= Civil unions in Quebec =

Civil unions in Quebec are available in Quebec to both opposite-sex and same-sex couples, which attempts to create the same rights for the partners as a traditional marriage.

As a result of a range of activism and to the M. v. H. decision, the National Assembly of Quebec voted unanimously in 2002 to amend the Civil Code of Quebec to create a status of civil union in Quebec, available to both opposite-sex and same-sex couples and largely having the same rights as marriage. The law was enacted on June 24, 2002.

A civil union is contracted into by same-sex or opposite-sex partners 18 years of age and older, who are not otherwise married, not in another civil union, or who are not closely related, following prescribed formalities similar to the regime of marriage. The civil union carries obligations and benefits equivalent to that of marriage including the obligation of support (CCQ art. 585) and the establishment of a family patrimony and family residence (CCQ art. 521.6) and may otherwise be modified by a contract (CCQ 521.8) similar to a pre-nuptial agreement and may agree to a particular property regime similar to available matrimonial regimes. It creates a family connection between the spouses and their relatives (CCQ art. 521.7).

Judicial conciliation is merited "when the spouses cannot agree on their rights and performance of their duties" (CCQ art. 521.9). Such union may be annulled within three years if irregularly contracted (CCQ arts. 521.10-521.11). A civil union ends at death of one of the partners or may be dissolved by judicial dissolution or by a 'transaction agreement' and 'joint declaration' before a civil law notary and recorded en minute if both partners consent and they settle all the consequences of the dissolution (CCQ arts. 521.13-521.16).

Judicial dissolution is merited when "the interests of the common children of the spouses are at stake" or where the parties cannot otherwise agree (CCQ art. 521.17 para. 1). Provisional orders of support, custody and access may be entered during the pendency of the dissolution action (CCQ art. 521.71 para. 2) and the court may, upon or after pronouncing dissolution decide maintenance, custody and education issues in the best interests of and with due regard to the rights of the children (CCQ art. 521.17, para. 3).

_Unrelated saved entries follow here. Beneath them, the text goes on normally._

(* Let $d\ge2$, $\mathcal D=\{1,\dots,d\}$, $d_s\in\{1,\dots,d-1\}$, $\beta\ge0$, $\alpha>-\beta$, $\boldsymbol\Gamma=(\Gamma_1,\dots,\Gamma_d)\in(0,1]^d$ nonincreasing, $\boldsymbol\gamma=(\gamma_1,\dots,\gamma_d)\in(0,1]^d$, and $f\in\mathcal A^{w^{\alpha,\beta}}(\mathbb T^d)$. Then $$\frac{\|f-\mathrm T_{d_s}f\|_{\mathrm L_\infty(\mathbb T^d)}}{\|f\|_{\mathcal A^{w^{\alpha,\beta}}(\mathbb T^d)}}\le\Gamma_{d_s+1}\,(2+d_s)^{-\alpha}\,2^{-\beta(d_s+1)}\prod_{s=1}^{d_s+1}\gamma^*_s,$$ where $(\gamma^*_s)_{s=1}^d$ is the nonincreasing rearrangement of $\boldsymbol\gamma$.
   Context: $\mathbb T=[0,1)$ with periodic identification; $c_{\mathbf k}(g)$ are Fourier coefficients. For $\mathbf k\in\mathbb Z^d$, $\operatorname{supp}\mathbf k=\{i:k_i\neq0\}$ and $w^{\alpha,\beta}(\mathbf k)=\gamma_{\operatorname{supp}\mathbf k}^{-1}(1+\|\mathbf k\|_1)^\alpha\prod_{s\in\operatorname{supp}\mathbf k}(1+|k_s|)^\beta$ with POD weights $\gamma_{\mathbf u}=\Gamma_{|\mathbf u|}\prod_{s\in\mathbf u}\gamma_s$ for $\mathbf u\subseteq\mathcal D$ (here $\Gamma_0\in(0,1]$ is arbitrary). $\mathcal A^{w}(\mathbb T^d)=\{g\in\mathrm L_1:\|g\|_{\mathcal A^w}=\sum_{\mathbf k}w(\mathbf k)|c_{\mathbf k}(g)|<\infty\}$. For $\mathbf u\subseteq\mathcal D$: $\mathrm P_{\mathbf u}f(\mathbf x_{\mathbf u})=\int_{\mathbb T^{|\mathcal D\setminus\mathbf u|}}f(\mathbf x)\,d\mathbf x_{\mathcal D\setminus\mathbf u}$, ANOVA terms $f_{\mathbf u}=\mathrm P_{\mathbf u}f-\sum_{\mathbf v\subsetneq\mathbf u}f_{\mathbf v}$ (recursively), and $\mathrm T_{d_s}f=\sum_{|\mathbf u|\le d_s}f_{\mathbf u}$. *)

theory Defs
  imports "HOL-Probability.Probability"
begin

definition torus :: "nat set \<Rightarrow> (nat \<Rightarrow> real) measure" where
  "torus D = PiM D (\<lambda>_. restrict_space lborel {0..<1})"
lemma dominant_eps_coord_window:
  assumes e: "e \<ge> 2" and d: "dominant e Lam b"
  shows "\<forall>r\<in>{1..e}. eps_coord e Lam b e \<le> eps_coord e Lam b r
    \<and> eps_coord e Lam b r \<le> eps_coord e Lam b e + level e Lam"
proof
  fix r assume r: "r \<in> {1..e}"
  have "eps_coord e Lam b e \<le> eps_coord e Lam b r" "eps_coord e Lam b r \<le> eps_coord e Lam b 1"
    using dominant_eps_coord_antimono[OF e d] r e unfolding monotone_on_def by auto
  moreover have "pairing e Lam b e \<ge> 0" using d e unfolding dominant_def by auto
  ultimately show "eps_coord e Lam b e \<le> eps_coord e Lam b r
    \<and> eps_coord e Lam b r \<le> eps_coord e Lam b e + level e Lam"
    using pairing_last_eq_eps_coord_diff[OF e, of Lam b] by simp
qed

text \<open>Both coordinate families lie in windows \<open>[y\<^sub>e, y\<^sub>e + k]\<close> and have the same sum, so the
  windows start at the same point.\<close>
lemma dominant_eps_coord_eq:
  assumes e: "e \<ge> 2" and k: "level e Lam > 0"
    and d1: "dominant e Lam b1" and d2: "dominant e Lam b2"
    and res: "eps_residues e Lam b1 = eps_residues e Lam b2" and r: "r \<in> {1..e}"
  shows "eps_coord e Lam b1 r = eps_coord e Lam b2 r"
proof -
  let ?A = "{1..e}" and ?y1 = "eps_coord e Lam b1" and ?y2 = "eps_coord e Lam b2"
  have e_in: "e \<in> ?A" using e by simp
  note window1 = dominant_eps_coord_window[OF e d1] and window2 = dominant_eps_coord_window[OF e d2]
  have res': "image_mset (\<lambda>r. ?y1 r mod level e Lam) (mset_set ?A)
      = image_mset (\<lambda>r. ?y2 r mod level e Lam) (mset_set ?A)"
    using res unfolding eps_residues_def .
  have sum: "sum ?y1 ?A = sum ?y2 ?A" using sum_eps_coord[OF e] by simp
  have "\<not> ?y1 e < ?y2 e"
    using window_sum_less[OF finite_atLeastAtMost k window1 e_in HOL.refl window2 _ res'] sum by linarith
  moreover have "\<not> ?y2 e < ?y1 e"
    using window_sum_less[OF finite_atLeastAtMost k window2 e_in HOL.refl window1 _ res'[symmetric]] sum
    by linarith
  ultimately have "?y2 e = ?y1 e" by simp
  then have "image_mset ?y1 (mset_set ?A) = image_mset ?y2 (mset_set ?A)"
    using window_image_mset_eq[OF finite_atLeastAtMost k window1 _ res' sum] window2 by simp
  then show ?thesis
    using antimono_on_eq_if_image_mset_eq dominant_eps_coord_antimono[OF e d1]
      dominant_eps_coord_antimono[OF e d2] r by blast
qed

The act establishing the regime of civil union also modified rules creating filiation for biological children of one of the partners, and for adopted children as well as the recognition of parental authority and child support obligations so they will apply to civil union couples as well as married couples.

In March 2004, Quebec same-sex couples won the right to marry. Today, couples (both opposite- and same-sex) can choose between civil marriage and civil unions.